What this task involves: Using the records that appear below, write out exactly the lines from the one with "using assms(1) unfolding" through the one with "by (rule order_tendstoD(1))", keeping both end lines.

Given data:
━━━━━━

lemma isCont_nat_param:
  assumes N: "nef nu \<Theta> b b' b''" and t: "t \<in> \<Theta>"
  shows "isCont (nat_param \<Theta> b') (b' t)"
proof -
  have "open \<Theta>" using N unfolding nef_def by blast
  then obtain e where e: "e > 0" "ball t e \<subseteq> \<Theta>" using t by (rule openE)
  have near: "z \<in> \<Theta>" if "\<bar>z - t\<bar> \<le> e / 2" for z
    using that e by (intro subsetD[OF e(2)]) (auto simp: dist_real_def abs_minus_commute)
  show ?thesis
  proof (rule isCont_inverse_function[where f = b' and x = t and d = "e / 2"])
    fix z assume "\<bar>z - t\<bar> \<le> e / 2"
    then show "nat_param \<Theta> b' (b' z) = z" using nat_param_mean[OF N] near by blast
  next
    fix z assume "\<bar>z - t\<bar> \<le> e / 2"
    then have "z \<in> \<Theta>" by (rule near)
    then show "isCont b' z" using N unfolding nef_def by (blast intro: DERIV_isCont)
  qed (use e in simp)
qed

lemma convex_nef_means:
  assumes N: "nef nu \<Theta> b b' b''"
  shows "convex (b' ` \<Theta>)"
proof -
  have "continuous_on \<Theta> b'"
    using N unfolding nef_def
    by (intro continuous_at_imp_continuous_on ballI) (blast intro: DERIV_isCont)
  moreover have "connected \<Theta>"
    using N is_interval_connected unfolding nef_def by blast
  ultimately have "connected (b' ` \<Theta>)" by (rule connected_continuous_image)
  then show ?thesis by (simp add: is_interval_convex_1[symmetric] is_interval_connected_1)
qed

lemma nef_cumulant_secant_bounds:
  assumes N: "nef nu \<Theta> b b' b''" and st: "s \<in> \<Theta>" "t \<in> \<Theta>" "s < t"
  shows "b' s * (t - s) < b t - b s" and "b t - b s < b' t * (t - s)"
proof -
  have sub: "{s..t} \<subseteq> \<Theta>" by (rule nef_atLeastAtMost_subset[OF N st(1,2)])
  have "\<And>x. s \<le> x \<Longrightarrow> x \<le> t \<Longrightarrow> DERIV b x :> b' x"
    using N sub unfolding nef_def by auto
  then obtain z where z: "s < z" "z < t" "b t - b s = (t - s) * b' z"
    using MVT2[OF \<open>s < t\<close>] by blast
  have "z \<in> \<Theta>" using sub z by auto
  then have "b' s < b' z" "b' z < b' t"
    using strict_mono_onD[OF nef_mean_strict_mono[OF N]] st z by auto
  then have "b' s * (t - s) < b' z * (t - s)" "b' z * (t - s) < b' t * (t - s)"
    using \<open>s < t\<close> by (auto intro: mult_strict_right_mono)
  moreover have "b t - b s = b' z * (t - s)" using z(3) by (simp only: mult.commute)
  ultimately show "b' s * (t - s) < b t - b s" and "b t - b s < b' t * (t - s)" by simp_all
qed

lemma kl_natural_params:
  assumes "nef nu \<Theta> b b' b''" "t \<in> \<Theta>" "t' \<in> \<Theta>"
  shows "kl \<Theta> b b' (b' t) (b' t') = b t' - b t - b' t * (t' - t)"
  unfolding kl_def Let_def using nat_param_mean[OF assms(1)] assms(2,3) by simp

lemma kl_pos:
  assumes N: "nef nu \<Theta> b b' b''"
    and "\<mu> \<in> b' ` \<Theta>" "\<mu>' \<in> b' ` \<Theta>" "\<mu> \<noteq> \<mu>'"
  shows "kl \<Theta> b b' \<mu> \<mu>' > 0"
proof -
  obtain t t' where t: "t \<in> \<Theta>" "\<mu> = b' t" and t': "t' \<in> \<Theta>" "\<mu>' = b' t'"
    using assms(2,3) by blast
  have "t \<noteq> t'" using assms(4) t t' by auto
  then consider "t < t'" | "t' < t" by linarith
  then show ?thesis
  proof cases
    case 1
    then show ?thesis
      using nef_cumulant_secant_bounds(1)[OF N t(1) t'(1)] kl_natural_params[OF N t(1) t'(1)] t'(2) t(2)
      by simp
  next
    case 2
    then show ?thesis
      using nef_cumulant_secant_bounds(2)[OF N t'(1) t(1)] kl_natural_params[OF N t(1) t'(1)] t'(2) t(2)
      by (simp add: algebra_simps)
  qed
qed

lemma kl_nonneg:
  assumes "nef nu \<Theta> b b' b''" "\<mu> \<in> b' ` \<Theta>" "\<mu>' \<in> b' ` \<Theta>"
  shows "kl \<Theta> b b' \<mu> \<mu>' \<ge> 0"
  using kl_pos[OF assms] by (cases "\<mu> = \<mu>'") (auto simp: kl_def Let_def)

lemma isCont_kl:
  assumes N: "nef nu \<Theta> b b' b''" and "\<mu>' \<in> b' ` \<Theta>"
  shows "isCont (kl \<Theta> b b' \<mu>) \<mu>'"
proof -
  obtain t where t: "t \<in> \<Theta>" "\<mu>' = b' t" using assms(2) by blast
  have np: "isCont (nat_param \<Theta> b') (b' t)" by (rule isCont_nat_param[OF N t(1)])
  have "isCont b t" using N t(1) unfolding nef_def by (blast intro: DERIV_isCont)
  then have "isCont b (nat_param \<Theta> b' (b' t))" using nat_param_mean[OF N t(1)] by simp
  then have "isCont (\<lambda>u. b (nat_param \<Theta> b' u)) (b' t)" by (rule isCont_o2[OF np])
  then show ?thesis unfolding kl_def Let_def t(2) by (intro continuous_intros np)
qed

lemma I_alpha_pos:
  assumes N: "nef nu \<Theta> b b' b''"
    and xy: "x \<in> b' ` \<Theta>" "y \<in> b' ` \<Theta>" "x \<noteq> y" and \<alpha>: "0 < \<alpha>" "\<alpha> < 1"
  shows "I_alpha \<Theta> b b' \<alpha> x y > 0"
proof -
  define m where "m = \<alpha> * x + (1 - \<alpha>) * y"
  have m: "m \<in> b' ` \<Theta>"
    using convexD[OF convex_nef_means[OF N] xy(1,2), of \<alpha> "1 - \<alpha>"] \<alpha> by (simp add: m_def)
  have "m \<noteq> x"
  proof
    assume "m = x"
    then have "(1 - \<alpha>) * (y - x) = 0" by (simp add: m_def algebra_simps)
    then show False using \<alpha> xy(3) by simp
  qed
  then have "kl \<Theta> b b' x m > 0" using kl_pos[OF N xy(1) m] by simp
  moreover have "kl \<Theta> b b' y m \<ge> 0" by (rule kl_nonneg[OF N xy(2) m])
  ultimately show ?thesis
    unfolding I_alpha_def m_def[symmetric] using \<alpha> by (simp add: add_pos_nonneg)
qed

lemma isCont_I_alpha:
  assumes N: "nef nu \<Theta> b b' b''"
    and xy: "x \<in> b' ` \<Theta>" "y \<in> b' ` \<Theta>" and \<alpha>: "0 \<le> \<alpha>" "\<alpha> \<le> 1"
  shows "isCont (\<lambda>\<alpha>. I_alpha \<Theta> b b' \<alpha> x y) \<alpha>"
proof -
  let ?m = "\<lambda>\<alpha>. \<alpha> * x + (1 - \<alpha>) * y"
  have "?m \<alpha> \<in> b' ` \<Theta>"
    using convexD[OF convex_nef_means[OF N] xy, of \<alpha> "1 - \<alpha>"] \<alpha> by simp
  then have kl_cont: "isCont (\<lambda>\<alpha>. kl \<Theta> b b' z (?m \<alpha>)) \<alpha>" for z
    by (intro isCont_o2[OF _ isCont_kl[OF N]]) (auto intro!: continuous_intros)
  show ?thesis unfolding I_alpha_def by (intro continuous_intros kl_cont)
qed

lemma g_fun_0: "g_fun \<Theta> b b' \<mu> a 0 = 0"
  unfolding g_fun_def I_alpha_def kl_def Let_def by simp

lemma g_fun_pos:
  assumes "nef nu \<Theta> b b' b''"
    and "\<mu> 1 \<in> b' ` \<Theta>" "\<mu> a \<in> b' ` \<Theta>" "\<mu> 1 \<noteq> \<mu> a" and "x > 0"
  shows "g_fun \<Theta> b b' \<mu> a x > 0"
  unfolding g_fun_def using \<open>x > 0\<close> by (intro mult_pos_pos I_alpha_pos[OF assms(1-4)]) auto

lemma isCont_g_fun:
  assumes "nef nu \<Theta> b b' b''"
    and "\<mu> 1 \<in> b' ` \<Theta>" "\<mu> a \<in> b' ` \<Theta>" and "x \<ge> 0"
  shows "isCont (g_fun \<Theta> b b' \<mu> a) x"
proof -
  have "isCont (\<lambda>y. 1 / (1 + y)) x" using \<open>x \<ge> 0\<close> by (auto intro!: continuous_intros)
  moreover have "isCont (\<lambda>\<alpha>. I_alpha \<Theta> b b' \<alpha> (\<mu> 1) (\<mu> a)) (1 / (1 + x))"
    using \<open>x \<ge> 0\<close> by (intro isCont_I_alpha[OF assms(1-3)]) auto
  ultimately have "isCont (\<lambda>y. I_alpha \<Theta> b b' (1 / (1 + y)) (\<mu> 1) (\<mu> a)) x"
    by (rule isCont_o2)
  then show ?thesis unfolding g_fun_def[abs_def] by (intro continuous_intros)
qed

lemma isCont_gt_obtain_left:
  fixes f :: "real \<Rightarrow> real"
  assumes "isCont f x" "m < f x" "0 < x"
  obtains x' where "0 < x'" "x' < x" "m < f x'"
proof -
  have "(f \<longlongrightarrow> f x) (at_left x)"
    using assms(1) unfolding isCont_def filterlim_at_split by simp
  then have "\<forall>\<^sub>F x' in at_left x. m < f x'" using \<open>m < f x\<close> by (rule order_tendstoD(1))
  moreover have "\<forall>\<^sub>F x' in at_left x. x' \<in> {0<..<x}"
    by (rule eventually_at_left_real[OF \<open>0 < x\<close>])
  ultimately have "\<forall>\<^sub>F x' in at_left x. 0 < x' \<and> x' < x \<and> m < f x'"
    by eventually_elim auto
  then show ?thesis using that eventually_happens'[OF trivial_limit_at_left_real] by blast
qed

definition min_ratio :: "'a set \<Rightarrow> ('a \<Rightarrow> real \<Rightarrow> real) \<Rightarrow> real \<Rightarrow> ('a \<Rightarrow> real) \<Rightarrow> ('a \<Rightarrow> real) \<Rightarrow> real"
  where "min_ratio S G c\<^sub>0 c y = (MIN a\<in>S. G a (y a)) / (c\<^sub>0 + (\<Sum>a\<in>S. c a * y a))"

━━━━━━

Result of the task:
    using assms(1) unfolding isCont_def filterlim_at_split by simp
  then have "\<forall>\<^sub>F x' in at_left x. m < f x'" using \<open>m < f x\<close> by (rule order_tendstoD(1))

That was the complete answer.